**Activity**
Give the lines below again exactly, starting with the line that holds "(\<forall>i<length ps. wsize" and going on through the line that holds "(THE p. v p".

□ □ □ □ □ □ □

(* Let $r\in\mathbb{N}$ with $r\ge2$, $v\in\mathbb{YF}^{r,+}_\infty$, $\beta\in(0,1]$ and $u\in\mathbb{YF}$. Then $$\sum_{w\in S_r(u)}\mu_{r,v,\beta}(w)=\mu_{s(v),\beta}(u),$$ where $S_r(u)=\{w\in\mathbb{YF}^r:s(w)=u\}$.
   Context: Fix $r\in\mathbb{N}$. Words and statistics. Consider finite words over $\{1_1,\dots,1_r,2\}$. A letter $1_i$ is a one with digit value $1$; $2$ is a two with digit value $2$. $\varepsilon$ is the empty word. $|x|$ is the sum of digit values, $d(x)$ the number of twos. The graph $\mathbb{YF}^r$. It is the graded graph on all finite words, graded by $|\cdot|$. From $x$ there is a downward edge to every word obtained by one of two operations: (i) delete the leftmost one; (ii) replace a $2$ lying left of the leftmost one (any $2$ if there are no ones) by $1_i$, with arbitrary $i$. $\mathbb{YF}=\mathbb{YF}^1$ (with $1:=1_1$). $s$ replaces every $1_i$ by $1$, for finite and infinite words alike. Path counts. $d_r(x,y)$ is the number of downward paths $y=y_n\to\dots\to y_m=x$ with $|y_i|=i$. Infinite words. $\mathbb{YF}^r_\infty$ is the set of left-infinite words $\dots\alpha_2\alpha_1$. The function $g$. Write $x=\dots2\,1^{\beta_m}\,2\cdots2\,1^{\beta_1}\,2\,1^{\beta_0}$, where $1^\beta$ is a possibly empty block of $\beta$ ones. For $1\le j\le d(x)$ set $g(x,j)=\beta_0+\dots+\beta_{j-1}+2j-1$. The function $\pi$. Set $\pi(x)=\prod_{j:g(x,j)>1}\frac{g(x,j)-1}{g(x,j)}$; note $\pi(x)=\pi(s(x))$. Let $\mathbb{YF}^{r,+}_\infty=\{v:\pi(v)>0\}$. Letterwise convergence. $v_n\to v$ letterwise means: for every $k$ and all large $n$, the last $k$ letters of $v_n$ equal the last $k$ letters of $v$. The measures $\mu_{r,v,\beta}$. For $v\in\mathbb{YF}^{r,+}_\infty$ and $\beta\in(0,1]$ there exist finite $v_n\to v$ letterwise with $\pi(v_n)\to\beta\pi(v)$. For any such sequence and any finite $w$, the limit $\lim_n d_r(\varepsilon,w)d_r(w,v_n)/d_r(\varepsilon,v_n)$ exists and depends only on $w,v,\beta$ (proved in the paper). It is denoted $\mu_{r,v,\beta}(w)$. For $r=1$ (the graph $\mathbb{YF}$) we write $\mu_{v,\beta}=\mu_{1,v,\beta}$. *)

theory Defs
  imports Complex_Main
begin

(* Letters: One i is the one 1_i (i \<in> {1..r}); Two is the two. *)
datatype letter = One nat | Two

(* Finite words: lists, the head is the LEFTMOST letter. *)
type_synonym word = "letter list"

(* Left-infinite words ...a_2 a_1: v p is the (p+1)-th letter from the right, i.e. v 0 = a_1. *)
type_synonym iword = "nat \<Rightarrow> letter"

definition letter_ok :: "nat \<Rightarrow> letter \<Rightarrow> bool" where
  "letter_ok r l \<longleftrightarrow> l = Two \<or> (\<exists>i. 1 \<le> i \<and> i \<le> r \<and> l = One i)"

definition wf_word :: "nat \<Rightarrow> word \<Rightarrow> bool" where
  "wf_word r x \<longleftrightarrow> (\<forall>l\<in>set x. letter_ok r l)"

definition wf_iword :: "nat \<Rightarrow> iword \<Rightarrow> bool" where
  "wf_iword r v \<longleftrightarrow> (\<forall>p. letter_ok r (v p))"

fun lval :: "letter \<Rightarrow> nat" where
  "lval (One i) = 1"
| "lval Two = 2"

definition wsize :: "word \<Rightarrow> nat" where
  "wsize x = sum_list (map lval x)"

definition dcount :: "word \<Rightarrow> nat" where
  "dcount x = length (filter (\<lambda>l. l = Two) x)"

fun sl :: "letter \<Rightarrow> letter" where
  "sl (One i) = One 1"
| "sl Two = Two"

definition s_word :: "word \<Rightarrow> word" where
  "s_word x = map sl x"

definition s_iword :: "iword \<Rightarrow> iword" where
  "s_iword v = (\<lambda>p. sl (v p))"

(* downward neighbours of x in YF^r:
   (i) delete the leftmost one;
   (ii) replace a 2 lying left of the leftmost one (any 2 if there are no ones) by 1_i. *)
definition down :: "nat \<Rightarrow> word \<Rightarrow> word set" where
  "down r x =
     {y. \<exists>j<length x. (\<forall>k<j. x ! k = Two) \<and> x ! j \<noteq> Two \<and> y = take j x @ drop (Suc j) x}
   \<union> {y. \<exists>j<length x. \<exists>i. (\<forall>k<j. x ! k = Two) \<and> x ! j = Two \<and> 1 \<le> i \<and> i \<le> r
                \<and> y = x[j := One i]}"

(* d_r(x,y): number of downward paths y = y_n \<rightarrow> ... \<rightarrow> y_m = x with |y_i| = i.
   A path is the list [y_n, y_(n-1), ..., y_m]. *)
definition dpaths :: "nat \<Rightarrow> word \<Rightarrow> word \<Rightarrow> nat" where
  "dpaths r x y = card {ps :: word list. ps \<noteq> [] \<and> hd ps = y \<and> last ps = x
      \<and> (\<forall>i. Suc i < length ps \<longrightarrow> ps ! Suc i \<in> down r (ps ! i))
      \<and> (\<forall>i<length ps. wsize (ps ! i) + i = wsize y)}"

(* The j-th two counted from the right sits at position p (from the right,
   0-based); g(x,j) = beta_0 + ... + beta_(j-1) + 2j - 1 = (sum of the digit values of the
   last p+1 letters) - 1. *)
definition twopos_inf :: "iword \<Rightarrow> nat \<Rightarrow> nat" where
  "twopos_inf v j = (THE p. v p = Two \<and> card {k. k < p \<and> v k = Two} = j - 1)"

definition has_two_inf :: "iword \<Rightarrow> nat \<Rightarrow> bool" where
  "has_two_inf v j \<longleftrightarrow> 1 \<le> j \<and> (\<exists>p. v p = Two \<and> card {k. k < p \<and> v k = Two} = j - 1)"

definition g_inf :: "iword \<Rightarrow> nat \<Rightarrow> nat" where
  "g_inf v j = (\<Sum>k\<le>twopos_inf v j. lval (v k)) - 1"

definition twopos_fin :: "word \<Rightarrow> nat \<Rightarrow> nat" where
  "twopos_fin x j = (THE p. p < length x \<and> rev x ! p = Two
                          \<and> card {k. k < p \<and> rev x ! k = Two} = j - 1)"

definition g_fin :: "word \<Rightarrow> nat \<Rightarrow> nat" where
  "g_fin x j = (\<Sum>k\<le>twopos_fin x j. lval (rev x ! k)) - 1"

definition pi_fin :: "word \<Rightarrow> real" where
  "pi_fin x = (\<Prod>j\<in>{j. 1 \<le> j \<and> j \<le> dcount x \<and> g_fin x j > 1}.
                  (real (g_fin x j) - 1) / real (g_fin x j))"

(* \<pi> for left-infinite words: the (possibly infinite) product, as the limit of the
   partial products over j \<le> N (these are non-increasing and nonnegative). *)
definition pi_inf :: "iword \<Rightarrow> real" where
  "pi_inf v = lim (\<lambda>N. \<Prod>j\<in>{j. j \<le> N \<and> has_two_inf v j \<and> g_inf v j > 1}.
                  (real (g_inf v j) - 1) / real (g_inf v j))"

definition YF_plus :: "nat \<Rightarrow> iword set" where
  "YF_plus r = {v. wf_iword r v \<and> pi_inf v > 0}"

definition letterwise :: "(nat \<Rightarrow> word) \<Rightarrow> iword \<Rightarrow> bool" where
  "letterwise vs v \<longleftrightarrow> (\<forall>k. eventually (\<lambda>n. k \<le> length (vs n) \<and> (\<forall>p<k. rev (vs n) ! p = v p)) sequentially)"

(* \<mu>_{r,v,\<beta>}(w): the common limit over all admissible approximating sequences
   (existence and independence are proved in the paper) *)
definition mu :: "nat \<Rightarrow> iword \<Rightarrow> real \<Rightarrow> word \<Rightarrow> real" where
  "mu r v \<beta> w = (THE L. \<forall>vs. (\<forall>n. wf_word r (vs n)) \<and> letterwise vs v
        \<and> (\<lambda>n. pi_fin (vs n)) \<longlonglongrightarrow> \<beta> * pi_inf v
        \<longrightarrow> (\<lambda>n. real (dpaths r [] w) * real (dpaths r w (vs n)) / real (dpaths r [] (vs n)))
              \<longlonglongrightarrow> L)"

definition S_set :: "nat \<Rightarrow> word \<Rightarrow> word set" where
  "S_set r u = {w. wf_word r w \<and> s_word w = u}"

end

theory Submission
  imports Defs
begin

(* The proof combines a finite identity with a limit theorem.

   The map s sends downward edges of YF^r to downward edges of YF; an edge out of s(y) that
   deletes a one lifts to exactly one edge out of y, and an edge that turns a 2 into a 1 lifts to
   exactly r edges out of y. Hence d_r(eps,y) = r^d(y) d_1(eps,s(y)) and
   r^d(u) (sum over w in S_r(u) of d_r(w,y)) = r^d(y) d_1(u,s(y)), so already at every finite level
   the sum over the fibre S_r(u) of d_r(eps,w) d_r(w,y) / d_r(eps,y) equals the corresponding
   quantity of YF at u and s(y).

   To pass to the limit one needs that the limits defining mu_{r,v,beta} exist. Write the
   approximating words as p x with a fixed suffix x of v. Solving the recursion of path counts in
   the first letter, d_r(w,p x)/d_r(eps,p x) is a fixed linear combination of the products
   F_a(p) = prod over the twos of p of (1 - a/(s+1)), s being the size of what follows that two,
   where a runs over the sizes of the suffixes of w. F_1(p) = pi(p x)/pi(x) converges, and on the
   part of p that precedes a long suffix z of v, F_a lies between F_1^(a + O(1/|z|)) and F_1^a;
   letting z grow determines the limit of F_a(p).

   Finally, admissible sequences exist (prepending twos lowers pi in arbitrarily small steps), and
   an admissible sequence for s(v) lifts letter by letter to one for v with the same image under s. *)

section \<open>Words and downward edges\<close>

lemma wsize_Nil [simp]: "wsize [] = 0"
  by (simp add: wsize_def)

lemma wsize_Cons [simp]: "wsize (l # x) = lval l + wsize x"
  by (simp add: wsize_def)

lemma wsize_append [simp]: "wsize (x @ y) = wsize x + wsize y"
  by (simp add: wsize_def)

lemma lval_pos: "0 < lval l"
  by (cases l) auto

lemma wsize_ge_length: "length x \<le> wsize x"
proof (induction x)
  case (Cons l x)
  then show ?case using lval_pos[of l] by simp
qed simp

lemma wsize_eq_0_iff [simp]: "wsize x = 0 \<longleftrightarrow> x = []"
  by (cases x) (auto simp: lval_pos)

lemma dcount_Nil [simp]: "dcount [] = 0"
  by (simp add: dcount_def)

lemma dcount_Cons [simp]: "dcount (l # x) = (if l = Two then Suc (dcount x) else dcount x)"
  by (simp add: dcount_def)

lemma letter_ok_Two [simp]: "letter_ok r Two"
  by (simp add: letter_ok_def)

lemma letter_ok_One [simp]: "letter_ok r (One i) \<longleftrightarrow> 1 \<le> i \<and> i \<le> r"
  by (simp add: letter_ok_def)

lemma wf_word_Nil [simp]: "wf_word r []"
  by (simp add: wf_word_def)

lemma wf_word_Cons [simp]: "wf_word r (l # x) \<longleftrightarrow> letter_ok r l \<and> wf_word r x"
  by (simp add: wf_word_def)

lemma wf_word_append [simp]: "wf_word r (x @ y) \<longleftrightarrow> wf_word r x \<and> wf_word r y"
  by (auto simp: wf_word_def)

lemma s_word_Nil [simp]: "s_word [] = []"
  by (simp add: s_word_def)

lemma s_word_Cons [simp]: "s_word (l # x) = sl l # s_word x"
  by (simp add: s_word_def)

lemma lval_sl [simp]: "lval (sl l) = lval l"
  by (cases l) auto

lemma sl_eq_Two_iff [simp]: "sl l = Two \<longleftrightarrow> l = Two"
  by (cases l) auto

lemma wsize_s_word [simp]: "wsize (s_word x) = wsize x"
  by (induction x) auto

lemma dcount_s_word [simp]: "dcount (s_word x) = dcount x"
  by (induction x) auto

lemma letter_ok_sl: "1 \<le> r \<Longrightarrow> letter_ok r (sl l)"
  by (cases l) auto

□ □ □ □ □ □ □

**Solution for this task**
      \<and> (\<forall>i<length ps. wsize (ps ! i) + i = wsize y)}"

(* The j-th two counted from the right sits at position p (from the right,
   0-based); g(x,j) = beta_0 + ... + beta_(j-1) + 2j - 1 = (sum of the digit values of the
   last p+1 letters) - 1. *)
definition twopos_inf :: "iword \<Rightarrow> nat \<Rightarrow> nat" where
  "twopos_inf v j = (THE p. v p = Two \<and> card {k. k < p \<and> v k = Two} = j - 1)"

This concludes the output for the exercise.